[WHAT IS EXPECTED]
Each line below containing the word "forall" needs to be shown.

** PROVIDED MATERIAL follows **

(* For every positive integer $n$, the map $\Psi_{\mathrm{PF}\to\mathrm{Luk}}:\mathrm{PF}_n^{\mathrm{inc}}\to\mathrm{Luk}_n$ is a bijection. Moreover, for every $p\in\mathrm{PF}_n^{\mathrm{inc}}$ we have $|\mathrm{disp}(p)|=\mathrm{Area}(\Psi_{\mathrm{PF}\to\mathrm{Luk}}(p))$ and $\max(\mathrm{disp}(p))=\mathrm{Height}(\Psi_{\mathrm{PF}\to\mathrm{Luk}}(p))$.
   Context: Let $n\ge 1$ and $[n]=\{1,\dots,n\}$. A parking preference is $p=(p_1,\dots,p_n)\in[n]^n$. Cars $1,\dots,n$ enter a one-way car park with spots $1,\dots,n$ in order; car $i$ parks in the first unoccupied spot $k\ge p_i$, and fails to park if there is none. $p$ is a parking function if all cars park; $\mathrm{PF}_n$ denotes the set of parking functions, and $\mathrm{PF}_n^{\mathrm{inc}}$ the set of those with $p_1\le p_2\le\dots\le p_n$. If car $i$ parks in spot $o_i$, its displacement is $d_i=o_i-p_i$; $\mathrm{disp}(p)=(d_1,\dots,d_n)$, $|\mathrm{disp}(p)|=\sum_i d_i$, and $\max(\mathrm{disp}(p))=\max_i d_i$. A Łukasiewicz word of length $n$ is a sequence $\ell=(\ell_1,\dots,\ell_n)$ of integers $\ell_i\ge -1$ with $\sum_{i=1}^k\ell_i\ge 0$ for all $k\in[n]$ and $\sum_{i=1}^n\ell_i=0$; $\mathrm{Luk}_n$ is the set of these. It is identified with the lattice path from $(0,0)$ whose $i$-th step is the vector $(\ell_i+1,\ell_i)$ (it ends at $(n,0)$ and never goes below the $x$-axis). Write $h(\ell;j)=\sum_{i=1}^j\ell_i$ ($h(\ell;0)=0$). $\mathrm{Height}(\ell)$ is the largest $y$-coordinate reached by the path, i.e. $\max_j h(\ell;j)$. $\mathrm{Area}(\ell)$ is the area between the path and the $x$-axis; equivalently, $\mathrm{Area}(\ell)=\sum_{j=1}^n \frac{(\ell_j+1)(2h(\ell;j-1)+\ell_j)}{2}$. The map $\Psi_{\mathrm{PF}\to\mathrm{Luk}}$ sends $p\in\mathrm{PF}_n$ to $\ell=(\ell_1,\dots,\ell_n)$ with $\ell_i=|\{j\in[n]: p_j=i\}|-1$. *)

theory Defs
  imports Complex_Main
begin

(* Preferences are lists: car i (1-based) has preference p ! (i-1). Spots are 1-based. *)

(* Parking process: each car takes the least spot k \<ge> its preference not yet occupied.
   If no spot \<le> n is free the returned spot is > n (i.e. the car fails). *)
fun park_spots_aux :: "nat set \<Rightarrow> nat list \<Rightarrow> nat list" where
  "park_spots_aux S [] = []"
| "park_spots_aux S (a # as) =
     (let k = (LEAST k. a \<le> k \<and> k \<notin> S) in k # park_spots_aux (insert k S) as)"

definition park_spots :: "nat list \<Rightarrow> nat list" where
  "park_spots p = park_spots_aux {} p"

definition PF :: "nat \<Rightarrow> nat list set" where
  "PF n = {p. length p = n \<and> set p \<subseteq> {1..n} \<and> set (park_spots p) \<subseteq> {1..n}}"

definition PF_inc :: "nat \<Rightarrow> nat list set" where
  "PF_inc n = {p \<in> PF n. sorted p}"

definition disp :: "nat list \<Rightarrow> nat list" where
  "disp p = map2 (\<lambda>s a. s - a) (park_spots p) p"

definition Luk :: "nat \<Rightarrow> int list set" where
  "Luk n = {l. length l = n \<and> (\<forall>x\<in>set l. x \<ge> -1)
              \<and> (\<forall>k\<in>{1..n}. sum_list (take k l) \<ge> 0) \<and> sum_list l = 0}"

definition hgt :: "int list \<Rightarrow> nat \<Rightarrow> int" where
  "hgt l j = sum_list (take j l)"

definition Height :: "int list \<Rightarrow> int" where
  "Height l = Max ((hgt l) ` {0..length l})"

definition Area :: "int list \<Rightarrow> real" where
  "Area l = (\<Sum>j=1..length l.
      (of_int (l ! (j-1)) + 1) * (2 * of_int (hgt l (j-1)) + of_int (l ! (j-1))) / 2)"

definition Psi_PF_Luk :: "nat \<Rightarrow> nat list \<Rightarrow> int list" where
  "Psi_PF_Luk n p = map (\<lambda>i. int (count_list p i) - 1) [1..<n+1]"

end

(* An increasing parking function is exactly a sorted list with p_i <= i for every i (if
   p_i > i, the cars i, ..., n would need n - i + 1 distinct spots among i + 1, ..., n); then car i
   parks in spot i and its displacement is i - p_i.

   Writing c j for the number of cars preferring a spot <= j, the Lukasiewicz path of p has height
   c j - j after j steps. It is nonnegative exactly when p_i <= i for all i, and p is recovered from
   its path by sorting the multiset with l_j + 1 copies of j.

   The total displacement is n(n+1)/2 - sum p, and the area under the first k steps telescopes to
   c k (c k + 1)/2 minus the sum of the preferences <= k. The displacement i - p_i of car i is at
   most the height at p_i, and the height at j is at most the displacement of the last car
   preferring a spot <= j, so the maxima agree. *)

theory Submission
  imports Defs "HOL-Library.Multiset"
begin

** End of PROVIDED MATERIAL **

[REPLY TO THE TASK]
  "Luk n = {l. length l = n \<and> (\<forall>x\<in>set l. x \<ge> -1)
              \<and> (\<forall>k\<in>{1..n}. sum_list (take k l) \<ge> 0) \<and> sum_list l = 0}"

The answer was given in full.